section \<open>Asymptotics of the Veronese numerators\<close>

text \<open>The series \<open>\<Sum>\<^sub>k C(k+n,n) x\<^sup>k\<close>, the inverse of \<open>(1 - x)\<^sup>n\<^sup>+\<^sup>1\<close>.\<close>

definition binomial_fps :: "nat \<Rightarrow> 'a::comm_ring_1 fps" where
  "binomial_fps n = Abs_fps (\<lambda>k. of_nat ((k + n) choose n))"

lemma one_minus_X_mult_binomial_fps_Suc:
  "(1 - fps_X) * binomial_fps (Suc n) = (binomial_fps n :: 'a::comm_ring_1 fps)"
proof (rule fps_ext)
  fix k
  show "((1 - fps_X) * binomial_fps (Suc n)) $ k = (binomial_fps n :: 'a fps) $ k"
  proof (cases k)
    case (Suc m)
    have "(Suc m + Suc n) choose Suc n = ((m + Suc n) choose Suc n) + ((m + Suc n) choose n)"
      by (simp add: add.commute)
    then show ?thesis using Suc by (simp add: fps_one_minus_X_mult_nth binomial_fps_def)
  qed (simp add: fps_one_minus_X_mult_nth binomial_fps_def binomial_eq_0)
qed

lemma one_minus_X_power_mult_binomial_fps:
  "(1 - fps_X) ^ Suc n * binomial_fps n = (1 :: 'a::comm_ring_1 fps)"
proof (induction n)
  case 0
  show ?case
  proof (rule fps_ext)
    fix k show "((1 - fps_X) ^ Suc 0 * binomial_fps 0) $ k = (1 :: 'a fps) $ k"
      by (simp add: fps_one_minus_X_mult_nth binomial_fps_def)
  qed
next
  case (Suc n)
  have "(1 - fps_X) ^ Suc (Suc n) * binomial_fps (Suc n) =
      (1 - fps_X) ^ Suc n * ((1 - fps_X) * binomial_fps (Suc n) :: 'a fps)"
    by (simp add: mult_ac)
  then show ?case
    using Suc.IH by (simp only: one_minus_X_mult_binomial_fps_Suc)
qed

lemma hilb_series_nth:
  "hilb_series n h $ k = (\<Sum>i=0..k. coeff h i * real ((k - i + n) choose n))"
proof -
  have "((1 - fps_X) ^ Suc n :: real fps) $ 0 = 1" by (simp add: fps_power_zeroth)
  then have "hilb_series n h = fps_of_poly h * inverse ((1 - fps_X) ^ Suc n)"
    unfolding hilb_series_def by (intro fps_divide_unit) simp
  also have "inverse ((1 - fps_X) ^ Suc n :: real fps) = binomial_fps n"
    by (rule fps_inverse_unique[OF one_minus_X_power_mult_binomial_fps])
  finally show ?thesis by (simp add: fps_mult_nth binomial_fps_def)
qed

lemma binomial_asymptotic:
  assumes "k \<ge> 1"
  shows "(\<lambda>b. real ((b * k - i + n) choose n) / real b ^ n) \<longlonglongrightarrow> real k ^ n / fact n"
proof -
  define q where "q b = (\<Prod>t\<in>{0..<n}. real k + (real n - real i - real t) / real b) / fact n" for b
  have "q \<longlonglongrightarrow> (\<Prod>t\<in>{0..<n}. real k + 0) / fact n"
    unfolding q_def
    by (intro tendsto_divide tendsto_const tendsto_prod tendsto_add lim_const_over_n) simp
  moreover have "\<forall>\<^sub>F b in sequentially. q b = real ((b * k - i + n) choose n) / real b ^ n"
  proof (rule eventually_sequentiallyI[of "i + 1"])
    fix b assume b: "i + 1 \<le> b"
    have "b \<le> b * k" using assms by simp
    then have "i \<le> b * k" using b by linarith
    then have top: "real (b * k - i) = real b * real k - real i"
      by simp
    have b_pos: "real b > 0" using b by simp
    have "real ((b * k - i + n) choose n) = (\<Prod>t\<in>{0..<n}. real (b * k - i + n) - real t) / fact n"
      by (simp add: binomial_gbinomial gbinomial_prod_rev)
    also have "\<dots> = (\<Prod>t\<in>{0..<n}. real b * (real k + (real n - real i - real t) / real b)) / fact n"
      using b_pos by (intro arg_cong[where f = "\<lambda>x. x / fact n"] prod.cong refl)
        (simp add: top field_simps)
    also have "\<dots> = real b ^ n * q b"
      by (simp add: prod.distrib q_def)
    finally show "q b = real ((b * k - i + n) choose n) / real b ^ n"
      using b_pos by simp
  qed
  ultimately show ?thesis
    using Lim_transform_eventually by fastforce
qed

lemma hilb_series_asymptotic:
  assumes "n \<ge> 1"
  shows "(\<lambda>b. hilb_series n h $ (b * k) / real b ^ n) \<longlonglongrightarrow> poly h 1 * real k ^ n / fact n"
proof (cases "k = 0")
  case True
  have "(\<lambda>b. coeff h 0 * (1 / real b) ^ n) \<longlonglongrightarrow> coeff h 0 * 0 ^ n"
    by (intro tendsto_intros)
  then show ?thesis
    using True assms by (simp add: hilb_series_nth power_one_over power_0_left)
next
  case False
  let ?terms = "\<lambda>b. \<Sum>i\<le>degree h. coeff h i * (real ((b * k - i + n) choose n) / real b ^ n)"
  have "?terms \<longlonglongrightarrow> (\<Sum>i\<le>degree h. coeff h i * (real k ^ n / fact n))"
    using False by (intro tendsto_sum tendsto_mult tendsto_const binomial_asymptotic) simp
  moreover have "(\<Sum>i\<le>degree h. coeff h i * (real k ^ n / fact n)) = poly h 1 * real k ^ n / fact n"
    by (simp add: poly_altdef sum_distrib_right sum_divide_distrib)
  text \<open>Once \<open>b * k \<ge> degree h\<close>, the convolution for \<open>a\<^sub>b\<^sub>k\<close> runs over all coefficients of \<open>h\<close>.\<close>
  moreover have "\<forall>\<^sub>F b in sequentially. ?terms b = hilb_series n h $ (b * k) / real b ^ n"
  proof (rule eventually_sequentiallyI[of "degree h"])
    fix b assume "degree h \<le> b"
    moreover have "b \<le> b * k" using False by simp
    ultimately have "degree h \<le> b * k" by linarith
    then have "hilb_series n h $ (b * k) =
        (\<Sum>i\<le>degree h. coeff h i * real ((b * k - i + n) choose n))"
      unfolding hilb_series_nth atLeast0AtMost
      by (intro sum.mono_neutral_right) (auto simp: coeff_eq_0)
    then show "?terms b = hilb_series n h $ (b * k) / real b ^ n"
      by (simp add: sum_divide_distrib)
  qed
  ultimately show ?thesis
    using Lim_transform_eventually by fastforce
qed

lemma veronese_num_nth:
  "veronese_num n h b $ j =
     (\<Sum>m=0..j. hilb_series n h $ (b * m) * ((1 - fps_X) ^ Suc n :: real fps) $ (j - m))"
  by (simp add: veronese_num_def fps_mult_nth)

lemma eulerian_fps_nth_conv:
  "eulerian_fps n $ j = (\<Sum>m=0..j. real m ^ n * ((1 - fps_X) ^ Suc n :: real fps) $ (j - m))"
  by (simp add: eulerian_fps_def powers_fps_def fps_mult_nth)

________________

# [To do]
Give the data again in full, keeping every line as it was.

# [Task solution]
section \<open>Asymptotics of the Veronese numerators\<close>

text \<open>The series \<open>\<Sum>\<^sub>k C(k+n,n) x\<^sup>k\<close>, the inverse of \<open>(1 - x)\<^sup>n\<^sup>+\<^sup>1\<close>.\<close>

definition binomial_fps :: "nat \<Rightarrow> 'a::comm_ring_1 fps" where
  "binomial_fps n = Abs_fps (\<lambda>k. of_nat ((k + n) choose n))"

lemma one_minus_X_mult_binomial_fps_Suc:
  "(1 - fps_X) * binomial_fps (Suc n) = (binomial_fps n :: 'a::comm_ring_1 fps)"
proof (rule fps_ext)
  fix k
  show "((1 - fps_X) * binomial_fps (Suc n)) $ k = (binomial_fps n :: 'a fps) $ k"
  proof (cases k)
    case (Suc m)
    have "(Suc m + Suc n) choose Suc n = ((m + Suc n) choose Suc n) + ((m + Suc n) choose n)"
      by (simp add: add.commute)
    then show ?thesis using Suc by (simp add: fps_one_minus_X_mult_nth binomial_fps_def)
  qed (simp add: fps_one_minus_X_mult_nth binomial_fps_def binomial_eq_0)
qed

lemma one_minus_X_power_mult_binomial_fps:
  "(1 - fps_X) ^ Suc n * binomial_fps n = (1 :: 'a::comm_ring_1 fps)"
proof (induction n)
  case 0
  show ?case
  proof (rule fps_ext)
    fix k show "((1 - fps_X) ^ Suc 0 * binomial_fps 0) $ k = (1 :: 'a fps) $ k"
      by (simp add: fps_one_minus_X_mult_nth binomial_fps_def)
  qed
next
  case (Suc n)
  have "(1 - fps_X) ^ Suc (Suc n) * binomial_fps (Suc n) =
      (1 - fps_X) ^ Suc n * ((1 - fps_X) * binomial_fps (Suc n) :: 'a fps)"
    by (simp add: mult_ac)
  then show ?case
    using Suc.IH by (simp only: one_minus_X_mult_binomial_fps_Suc)
qed

lemma hilb_series_nth:
  "hilb_series n h $ k = (\<Sum>i=0..k. coeff h i * real ((k - i + n) choose n))"
proof -
  have "((1 - fps_X) ^ Suc n :: real fps) $ 0 = 1" by (simp add: fps_power_zeroth)
  then have "hilb_series n h = fps_of_poly h * inverse ((1 - fps_X) ^ Suc n)"
    unfolding hilb_series_def by (intro fps_divide_unit) simp
  also have "inverse ((1 - fps_X) ^ Suc n :: real fps) = binomial_fps n"
    by (rule fps_inverse_unique[OF one_minus_X_power_mult_binomial_fps])
  finally show ?thesis by (simp add: fps_mult_nth binomial_fps_def)
qed

lemma binomial_asymptotic:
  assumes "k \<ge> 1"
  shows "(\<lambda>b. real ((b * k - i + n) choose n) / real b ^ n) \<longlonglongrightarrow> real k ^ n / fact n"
proof -
  define q where "q b = (\<Prod>t\<in>{0..<n}. real k + (real n - real i - real t) / real b) / fact n" for b
  have "q \<longlonglongrightarrow> (\<Prod>t\<in>{0..<n}. real k + 0) / fact n"
    unfolding q_def
    by (intro tendsto_divide tendsto_const tendsto_prod tendsto_add lim_const_over_n) simp
  moreover have "\<forall>\<^sub>F b in sequentially. q b = real ((b * k - i + n) choose n) / real b ^ n"
  proof (rule eventually_sequentiallyI[of "i + 1"])
    fix b assume b: "i + 1 \<le> b"
    have "b \<le> b * k" using assms by simp
    then have "i \<le> b * k" using b by linarith
    then have top: "real (b * k - i) = real b * real k - real i"
      by simp
    have b_pos: "real b > 0" using b by simp
    have "real ((b * k - i + n) choose n) = (\<Prod>t\<in>{0..<n}. real (b * k - i + n) - real t) / fact n"
      by (simp add: binomial_gbinomial gbinomial_prod_rev)
    also have "\<dots> = (\<Prod>t\<in>{0..<n}. real b * (real k + (real n - real i - real t) / real b)) / fact n"
      using b_pos by (intro arg_cong[where f = "\<lambda>x. x / fact n"] prod.cong refl)
        (simp add: top field_simps)
    also have "\<dots> = real b ^ n * q b"
      by (simp add: prod.distrib q_def)
    finally show "q b = real ((b * k - i + n) choose n) / real b ^ n"
      using b_pos by simp
  qed
  ultimately show ?thesis
    using Lim_transform_eventually by fastforce
qed

lemma hilb_series_asymptotic:
  assumes "n \<ge> 1"
  shows "(\<lambda>b. hilb_series n h $ (b * k) / real b ^ n) \<longlonglongrightarrow> poly h 1 * real k ^ n / fact n"
proof (cases "k = 0")
  case True
  have "(\<lambda>b. coeff h 0 * (1 / real b) ^ n) \<longlonglongrightarrow> coeff h 0 * 0 ^ n"
    by (intro tendsto_intros)
  then show ?thesis
    using True assms by (simp add: hilb_series_nth power_one_over power_0_left)
next
  case False
  let ?terms = "\<lambda>b. \<Sum>i\<le>degree h. coeff h i * (real ((b * k - i + n) choose n) / real b ^ n)"
  have "?terms \<longlonglongrightarrow> (\<Sum>i\<le>degree h. coeff h i * (real k ^ n / fact n))"
    using False by (intro tendsto_sum tendsto_mult tendsto_const binomial_asymptotic) simp
  moreover have "(\<Sum>i\<le>degree h. coeff h i * (real k ^ n / fact n)) = poly h 1 * real k ^ n / fact n"
    by (simp add: poly_altdef sum_distrib_right sum_divide_distrib)
  text \<open>Once \<open>b * k \<ge> degree h\<close>, the convolution for \<open>a\<^sub>b\<^sub>k\<close> runs over all coefficients of \<open>h\<close>.\<close>
  moreover have "\<forall>\<^sub>F b in sequentially. ?terms b = hilb_series n h $ (b * k) / real b ^ n"
  proof (rule eventually_sequentiallyI[of "degree h"])
    fix b assume "degree h \<le> b"
    moreover have "b \<le> b * k" using False by simp
    ultimately have "degree h \<le> b * k" by linarith
    then have "hilb_series n h $ (b * k) =
        (\<Sum>i\<le>degree h. coeff h i * real ((b * k - i + n) choose n))"
      unfolding hilb_series_nth atLeast0AtMost
      by (intro sum.mono_neutral_right) (auto simp: coeff_eq_0)
    then show "?terms b = hilb_series n h $ (b * k) / real b ^ n"
      by (simp add: sum_divide_distrib)
  qed
  ultimately show ?thesis
    using Lim_transform_eventually by fastforce
qed

lemma veronese_num_nth:
  "veronese_num n h b $ j =
     (\<Sum>m=0..j. hilb_series n h $ (b * m) * ((1 - fps_X) ^ Suc n :: real fps) $ (j - m))"
  by (simp add: veronese_num_def fps_mult_nth)

lemma eulerian_fps_nth_conv:
  "eulerian_fps n $ j = (\<Sum>m=0..j. real m ^ n * ((1 - fps_X) ^ Suc n :: real fps) $ (j - m))"
  by (simp add: eulerian_fps_def powers_fps_def fps_mult_nth)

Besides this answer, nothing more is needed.